All’interno di un portafoglio europeo, l’argento può rappresentare una quota del 5–10% della componente alternativa o reale, particolarmente indicata per chi cerca una diversificazione oltre i classici strumenti finanziari, per chi crede nella transizione energetica e nell’innovazione tecnologica, oppure per chi desidera una protezione dall’inflazione più dinamica rispetto all’oro. Un esempio di portafoglio con esposizione all’argento, pensato per un profilo aggressivo con orizzonte temporale di 3–7 anni, potrebbe essere così strutturato: azioni globali al 60% (tenendo conto della potenziale sovraesposizione agli Stati Uniti e al dollaro se si utilizza un solo ETF), obbligazioni globali hedged al 20% con una durata consigliata di 5 anni, oro fisico hedged al 5% come bene rifugio, argento fisico hedged al 5% come scommessa mirata, e liquidità o titoli di Stato a breve termine al 10% come protezione di base.

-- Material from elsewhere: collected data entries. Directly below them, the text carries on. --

(* For every $n \in \mathbb{N}$, \[ g(n) \le \tau_3(n) \le \tfrac{9}{2}\, g(n). \]
   Context: A colouring of $E(K_n)$ is almost Gallai (almost $3$-Gallai) if no two rainbow triangles share an edge, where a triangle is rainbow if its three edges have pairwise distinct colours. $\tau_3(n)$ is the maximum number of rainbow triangles in an almost Gallai colouring $c: E(K_n) \to \mathbb{N}$ (any number of colours), and $g(n)$ is the maximum number of rainbow triangles in an almost Gallai colouring $c : E(K_n) \to \{R,B,G\}$ using at most three colours. *)

theory Defs
  imports Main
begin

text \<open>Vertices of K_n are 0..n-1. An edge colouring assigns a colour to each
  2-element set {x,y}; its value on other sets is irrelevant.\<close>

datatype rgb = R | B | G

definition triangles :: "nat \<Rightarrow> nat set set" where
  "triangles n = {T. T \<subseteq> {..<n} \<and> card T = 3}"

definition rainbow :: "(nat set \<Rightarrow> 'c) \<Rightarrow> nat set \<Rightarrow> bool" where
  "rainbow c T \<longleftrightarrow> (\<exists>x y z. T = {x, y, z} \<and> x \<noteq> y \<and> y \<noteq> z \<and> x \<noteq> z \<and>
      c {x, y} \<noteq> c {y, z} \<and> c {x, y} \<noteq> c {x, z} \<and> c {y, z} \<noteq> c {x, z})"

definition rainbow_triangles :: "nat \<Rightarrow> (nat set \<Rightarrow> 'c) \<Rightarrow> nat set set" where
  "rainbow_triangles n c = {T \<in> triangles n. rainbow c T}"

definition almost_gallai :: "nat \<Rightarrow> (nat set \<Rightarrow> 'c) \<Rightarrow> bool" where
  "almost_gallai n c \<longleftrightarrow> (\<forall>T1 \<in> rainbow_triangles n c. \<forall>T2 \<in> rainbow_triangles n c.
      T1 \<noteq> T2 \<longrightarrow> \<not> (\<exists>x y. x \<noteq> y \<and> {x, y} \<subseteq> T1 \<and> {x, y} \<subseteq> T2))"

text \<open>tau_3(n): maximum over colourings with colours in \<nat> (any number of colours).\<close>
definition tau3 :: "nat \<Rightarrow> nat" where
  "tau3 n = Max {card (rainbow_triangles n c) | c :: nat set \<Rightarrow> nat. almost_gallai n c}"

definition g :: "nat \<Rightarrow> nat" where
  "g n = Max {card (rainbow_triangles n c) | c :: nat set \<Rightarrow> rgb. almost_gallai n c}"

end

theory Submission
  imports Defs "HOL-Library.FuncSet"
begin

text \<open>Composing a colouring c with a recolouring f of its colours can only destroy
  rainbow triangles, so almost Gallai colourings stay almost Gallai; an injective
  recolouring destroys none, which gives g(n) \<le> tau_3(n). Conversely, recolour the set C
  of colours used by an optimal c with R, B, G uniformly at random. A rainbow triangle of
  c survives exactly when its three edge colours get distinct images, which happens for
  3!/3^3 = 2/9 of the 3^|C| recolourings. Double counting the pairs (recolouring,
  surviving triangle) then shows that some recolouring keeps at least 2/9 tau_3(n)
  rainbow triangles.\<close>

lemma UNIV_rgb: "UNIV = {R, B, G}"
  using rgb.exhaust by auto

instance rgb :: finite
  by standard (simp add: UNIV_rgb)

lemma card_UNIV_rgb: "card (UNIV :: rgb set) = 3"
  by (simp add: UNIV_rgb)

lemma card_distinct_rgb_triples:
  "card ({(u, v, w). u \<noteq> v \<and> v \<noteq> w \<and> u \<noteq> w} :: (rgb \<times> rgb \<times> rgb) set) = 6"
proof -
  have "({(u, v, w). u \<noteq> v \<and> v \<noteq> w \<and> u \<noteq> w} :: (rgb \<times> rgb \<times> rgb) set)
      = {(R,B,G), (R,G,B), (B,R,G), (B,G,R), (G,R,B), (G,B,R)}" (is "?D = ?E")
  proof (rule set_eqI)
    fix t :: "rgb \<times> rgb \<times> rgb"
    obtain u v w where "t = (u, v, w)"
      by (cases t)
    then show "t \<in> ?D \<longleftrightarrow> t \<in> ?E"
      by (cases u; cases v; cases w) simp_all
  qed
  then show ?thesis
    by simp
qed

lemma card_PiE_filter_restrict:
  assumes "finite C" "S \<subseteq> C"
  shows "card {f \<in> C \<rightarrow>\<^sub>E A. P (restrict f S)}
    = card {h \<in> S \<rightarrow>\<^sub>E A. P h} * card A ^ card (C - S)"
proof -
  let ?F = "{f \<in> C \<rightarrow>\<^sub>E A. P (restrict f S)}"
  let ?H = "{h \<in> S \<rightarrow>\<^sub>E A. P h} \<times> ((C - S) \<rightarrow>\<^sub>E A)"
  let ?split = "\<lambda>f. (restrict f S, restrict f (C - S))"
  let ?merge = "\<lambda>(h, k) x. if x \<in> S then h x else k x"
  have "bij_betw ?split ?F ?H"
  proof (rule bij_betw_byWitness[where f' = ?merge])
    show "\<forall>f \<in> ?F. ?merge (?split f) = f"
      using assms(2) by (auto simp: PiE_def extensional_def fun_eq_iff)
    show "\<forall>hk \<in> ?H. ?split (?merge hk) = hk"
      by (auto simp: PiE_def extensional_def fun_eq_iff)
    show "?split ` ?F \<subseteq> ?H"
      using assms(2) by auto
    have "?merge (h, k) \<in> C \<rightarrow>\<^sub>E A" "restrict (?merge (h, k)) S = h"
      if "h \<in> S \<rightarrow>\<^sub>E A" "k \<in> (C - S) \<rightarrow>\<^sub>E A" for h k
      using that assms(2) by (auto simp: PiE_def extensional_def fun_eq_iff)
    then show "?merge ` ?H \<subseteq> ?F"
      by auto
  qed
  then show ?thesis
    using assms by (simp add: bij_betw_same_card card_cartesian_product card_PiE)
qed

lemma card_PiE_rgb_inj_on_self:
  assumes "card S = 3"
  shows "card {h \<in> S \<rightarrow>\<^sub>E (UNIV :: rgb set). inj_on h S} = 6"
proof -
  obtain p q r where S: "S = {p, q, r}" and pqr: "p \<noteq> q" "q \<noteq> r" "p \<noteq> r"
    using assms card_3_iff by metis
  let ?H = "{h \<in> S \<rightarrow>\<^sub>E (UNIV :: rgb set). inj_on h S}"
  let ?D = "{(u, v, w). u \<noteq> v \<and> v \<noteq> w \<and> u \<noteq> w} :: (rgb \<times> rgb \<times> rgb) set"
  let ?values = "\<lambda>h. (h p, h q, h r)"
  let ?extend = "\<lambda>(u, v, w) x.
    if x = p then u else if x = q then v else if x = r then w else undefined"
  have "bij_betw ?values ?H ?D"
  proof (rule bij_betw_byWitness[where f' = ?extend])
    show "\<forall>h \<in> ?H. ?extend (?values h) = h"
    proof
      fix h
      assume "h \<in> ?H"
      then have "x \<notin> S \<Longrightarrow> h x = undefined" for x
        by (simp add: PiE_def extensional_def)
      then show "?extend (?values h) = h"
        by (auto simp: S fun_eq_iff)
    qed
    show "\<forall>t \<in> ?D. ?values (?extend t) = t"
      using pqr by auto
    show "?values ` ?H \<subseteq> ?D"
      using pqr by (auto simp: S)
    show "?extend ` ?D \<subseteq> ?H"
      using pqr by (auto simp: S PiE_def extensional_def)
  qed
  then show ?thesis
    by (simp add: bij_betw_same_card card_distinct_rgb_triples)
qed

lemma card_PiE_rgb_inj_on:
  assumes "finite C" "S \<subseteq> C" "card S = 3"
  shows "27 * card {f \<in> C \<rightarrow>\<^sub>E (UNIV :: rgb set). inj_on f S} = 6 * 3 ^ card C"
proof -
  have "card C = card (C - S) + 3"
    using assms card_mono[OF assms(1,2)] by (simp add: card_Diff_subset finite_subset)
  moreover have "card {f \<in> C \<rightarrow>\<^sub>E (UNIV :: rgb set). inj_on f S} = 6 * 3 ^ card (C - S)"
    using card_PiE_filter_restrict[OF assms(1,2), of "UNIV :: rgb set" "\<lambda>h. inj_on h S"]
    by (simp add: card_PiE_rgb_inj_on_self[OF assms(3)] card_UNIV_rgb)
  ultimately show ?thesis
    by (simp add: power_add)
qed

lemma sum_card_filter_swap:
  assumes "finite X" "finite Y"
  shows "(\<Sum>x\<in>X. card {y \<in> Y. P x y}) = (\<Sum>y\<in>Y. card {x \<in> X. P x y})"
  using sum.swap_restrict[OF assms, of "\<lambda>_ _. 1 :: nat" P] by simp

lemma rainbow_compD: "rainbow (f \<circ> c) T \<Longrightarrow> rainbow c T"
  unfolding rainbow_def comp_def by metis

lemma rainbow_comp_inj: "inj f \<Longrightarrow> rainbow (f \<circ> c) T \<longleftrightarrow> rainbow c T"
  by (simp add: rainbow_def inj_eq)

lemma rainbow_triangles_comp_subset: "rainbow_triangles n (f \<circ> c) \<subseteq> rainbow_triangles n c"
  by (auto simp: rainbow_triangles_def intro: rainbow_compD)

lemma rainbow_triangles_comp_inj: "inj f \<Longrightarrow> rainbow_triangles n (f \<circ> c) = rainbow_triangles n c"
  by (simp add: rainbow_triangles_def rainbow_comp_inj)

lemma almost_gallai_comp: "almost_gallai n c \<Longrightarrow> almost_gallai n (f \<circ> c)"
  unfolding almost_gallai_def using rainbow_triangles_comp_subset[of n f c] by (meson subsetD)

lemma rainbow_edge_colours:
  fixes c :: "nat set \<Rightarrow> 'a"
  assumes "rainbow c T"
  obtains S where "card S = 3" "S \<subseteq> c ` Pow T"
    "\<And>f :: 'a \<Rightarrow> 'b. inj_on f S \<Longrightarrow> rainbow (f \<circ> c) T"
proof -
  obtain x y z where T: "T = {x, y, z}" "x \<noteq> y" "y \<noteq> z" "x \<noteq> z"
    and distinct: "c {x, y} \<noteq> c {y, z}" "c {x, y} \<noteq> c {x, z}" "c {y, z} \<noteq> c {x, z}"
    using assms unfolding rainbow_def by blast
  let ?S = "{c {x, y}, c {y, z}, c {x, z}}"
  have "card ?S = 3"
    using distinct by simp
  moreover have "?S \<subseteq> c ` Pow T"
    using T by auto
  moreover have "rainbow (f \<circ> c) T" if "inj_on f ?S" for f :: "'a \<Rightarrow> 'b"
  proof -
    have "f (c {x, y}) \<noteq> f (c {y, z})" "f (c {x, y}) \<noteq> f (c {x, z})" "f (c {y, z}) \<noteq> f (c {x, z})"
      using distinct that by (auto dest: inj_onD)
    then show ?thesis
      unfolding rainbow_def using T by (intro exI[of _ x] exI[of _ y] exI[of _ z]) simp
  qed
  ultimately show ?thesis
    by (rule that)
qed

lemma finite_triangles: "finite (triangles n)"
  by (rule finite_subset[of _ "Pow {..<n}"]) (auto simp: triangles_def)

lemma finite_rainbow_triangles: "finite (rainbow_triangles n c)"
  by (rule finite_subset[OF _ finite_triangles]) (auto simp: rainbow_triangles_def)

lemma almost_gallai_const: "almost_gallai n (\<lambda>_. a)"
  by (simp add: almost_gallai_def rainbow_triangles_def rainbow_def)

lemma finite_rainbow_triangle_counts: "finite {card (rainbow_triangles n c) | c. P c}"
proof (rule finite_subset)
  have "card (rainbow_triangles n c) \<le> card (triangles n)" for c :: "nat set \<Rightarrow> 'c"
    by (rule card_mono[OF finite_triangles]) (auto simp: rainbow_triangles_def)
  then show "{card (rainbow_triangles n c) | c. P c} \<subseteq> {..card (triangles n)}"
    by auto
qed simp

lemma card_rainbow_triangles_le_Max:
  fixes c :: "nat set \<Rightarrow> 'c"
  assumes "almost_gallai n c"
  shows "card (rainbow_triangles n c)
    \<le> Max {card (rainbow_triangles n c') | c' :: nat set \<Rightarrow> 'c. almost_gallai n c'}"
  using assms by (intro Max_ge[OF finite_rainbow_triangle_counts]) blast

lemma Max_rainbow_triangles_attained:
  obtains c :: "nat set \<Rightarrow> 'c" where "almost_gallai n c"
    "Max {card (rainbow_triangles n c') | c' :: nat set \<Rightarrow> 'c. almost_gallai n c'}
      = card (rainbow_triangles n c)"
proof -
  let ?counts = "{card (rainbow_triangles n c') | c' :: nat set \<Rightarrow> 'c. almost_gallai n c'}"
  have "?counts \<noteq> {}"
    using almost_gallai_const[of n "undefined :: 'c"] by blast
  then have "Max ?counts \<in> ?counts"
    by (rule Max_in[OF finite_rainbow_triangle_counts])
  then obtain c :: "nat set \<Rightarrow> 'c"
    where "almost_gallai n c" "Max ?counts = card (rainbow_triangles n c)"
    by blast
  then show ?thesis
    by (rule that)
qed

lemma g_le_tau3: "g n \<le> tau3 n"
proof -
  obtain c :: "nat set \<Rightarrow> rgb" where c: "almost_gallai n c" "g n = card (rainbow_triangles n c)"
    unfolding g_def by (rule Max_rainbow_triangles_attained)
  define \<iota> :: "rgb \<Rightarrow> nat" where "\<iota> x = (case x of R \<Rightarrow> 0 | B \<Rightarrow> 1 | G \<Rightarrow> 2)" for x
  have "inj \<iota>"
    by (auto simp: inj_def \<iota>_def split: rgb.splits)
  then have "rainbow_triangles n (\<iota> \<circ> c) = rainbow_triangles n c"
    by (rule rainbow_triangles_comp_inj)
  moreover have "card (rainbow_triangles n (\<iota> \<circ> c)) \<le> tau3 n"
    unfolding tau3_def by (intro card_rainbow_triangles_le_Max almost_gallai_comp c(1))
  ultimately show ?thesis
    using c(2) by simp
qed

lemma card_recolourings_keeping_rainbow:
  fixes c :: "nat set \<Rightarrow> 'c"
  assumes "T \<in> rainbow_triangles n c" "finite C" "c ` Pow T \<subseteq> C"
  shows "6 * 3 ^ card C
    \<le> 27 * card {f \<in> C \<rightarrow>\<^sub>E (UNIV :: rgb set). T \<in> rainbow_triangles n (f \<circ> c)}"
proof -
  from assms(1) have "T \<in> triangles n" "rainbow c T"
    by (simp_all add: rainbow_triangles_def)
  obtain S where "card S = 3" "S \<subseteq> c ` Pow T"
    and survives: "\<And>f :: 'c \<Rightarrow> rgb. inj_on f S \<Longrightarrow> rainbow (f \<circ> c) T"
    using rainbow_edge_colours[OF \<open>rainbow c T\<close>, where 'b = rgb] by metis
  with assms(3) have "S \<subseteq> C"
    by blast
  have "6 * 3 ^ card C = 27 * card {f \<in> C \<rightarrow>\<^sub>E (UNIV :: rgb set). inj_on f S}"
    using card_PiE_rgb_inj_on[OF \<open>finite C\<close> \<open>S \<subseteq> C\<close> \<open>card S = 3\<close>] by simp
  also have "\<dots> \<le> 27 * card {f \<in> C \<rightarrow>\<^sub>E (UNIV :: rgb set). T \<in> rainbow_triangles n (f \<circ> c)}"
    using \<open>finite C\<close> \<open>T \<in> triangles n\<close> survives
    by (auto simp: rainbow_triangles_def finite_PiE intro!: card_mono)
  finally show ?thesis .
qed

lemma two_card_rainbow_triangles_le_nine_g:
  fixes c :: "nat set \<Rightarrow> 'c"
  assumes "almost_gallai n c"
  shows "2 * card (rainbow_triangles n c) \<le> 9 * g n"
proof -
  define C where "C = c ` Pow {..<n}"
  define F where "F = C \<rightarrow>\<^sub>E (UNIV :: rgb set)"
  let ?RT = "rainbow_triangles n"
  have "finite C"
    by (simp add: C_def)
  then have "finite F" "card F = 3 ^ card C"
    by (simp_all add: F_def finite_PiE card_PiE card_UNIV_rgb)
  have survivors: "6 * 3 ^ card C \<le> 27 * card {f \<in> F. T \<in> ?RT (f \<circ> c)}" if "T \<in> ?RT c" for T
  proof -
    from that have "c ` Pow T \<subseteq> C"
      by (auto simp: C_def rainbow_triangles_def triangles_def)
    with that \<open>finite C\<close> show ?thesis
      unfolding F_def by (rule card_recolourings_keeping_rainbow)
  qed
  have surviving_triangles: "{T \<in> ?RT c. T \<in> ?RT (f \<circ> c)} = ?RT (f \<circ> c)" for f :: "'c \<Rightarrow> rgb"
    using rainbow_triangles_comp_subset by blast
  have "3 ^ card C * (6 * card (?RT c)) = (\<Sum>T\<in>?RT c. 6 * 3 ^ card C)"
    by simp
  also have "\<dots> \<le> (\<Sum>T\<in>?RT c. 27 * card {f \<in> F. T \<in> ?RT (f \<circ> c)})"
    by (rule sum_mono) (rule survivors)
  also have "\<dots> = 27 * (\<Sum>f\<in>F. card (?RT (f \<circ> c)))"
    by (simp add: sum_distrib_left[symmetric] surviving_triangles
        sum_card_filter_swap[OF finite_rainbow_triangles \<open>finite F\<close>])
  also have "\<dots> \<le> 27 * (\<Sum>f\<in>F. g n)"
    unfolding g_def using assms
    by (intro mult_le_mono2 sum_mono card_rainbow_triangles_le_Max almost_gallai_comp)
  also have "\<dots> = 3 ^ card C * (27 * g n)"
    by (simp add: \<open>card F = 3 ^ card C\<close>)
  finally have "6 * card (?RT c) \<le> 27 * g n"
    by simp
  then show ?thesis
    by linarith
qed

theorem lemma4p1:
  fixes n :: nat
  shows "g n \<le> tau3 n \<and> 2 * tau3 n \<le> 9 * g n"
proof
  show "g n \<le> tau3 n"
    by (rule g_le_tau3)
  obtain c :: "nat set \<Rightarrow> nat" where "almost_gallai n c" "tau3 n = card (rainbow_triangles n c)"
    unfolding tau3_def by (rule Max_rainbow_triangles_attained)
  then show "2 * tau3 n \<le> 9 * g n"
    using two_card_rainbow_triangles_le_nine_g by simp
qed

end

Dal punto di vista operativo, è importante monitorare e ribilanciare il portafoglio su base annuale, utilizzare ETF armonizzati UCITS e valutare l’opportunità di una consulenza personalizzata, anche in ottica di ottimizzazione fiscale. L’argento non è una scelta ovvia né priva di rischi, ma può trovare un posto in portafoglio grazie alla sua esposizione ai trend industriali e alla scarsità dell’offerta. Per l’investitore europeo, l’approccio più equilibrato è rappresentato dagli ETF fisici con copertura valutaria, integrati in una più ampia strategia di diversificazione intelligente.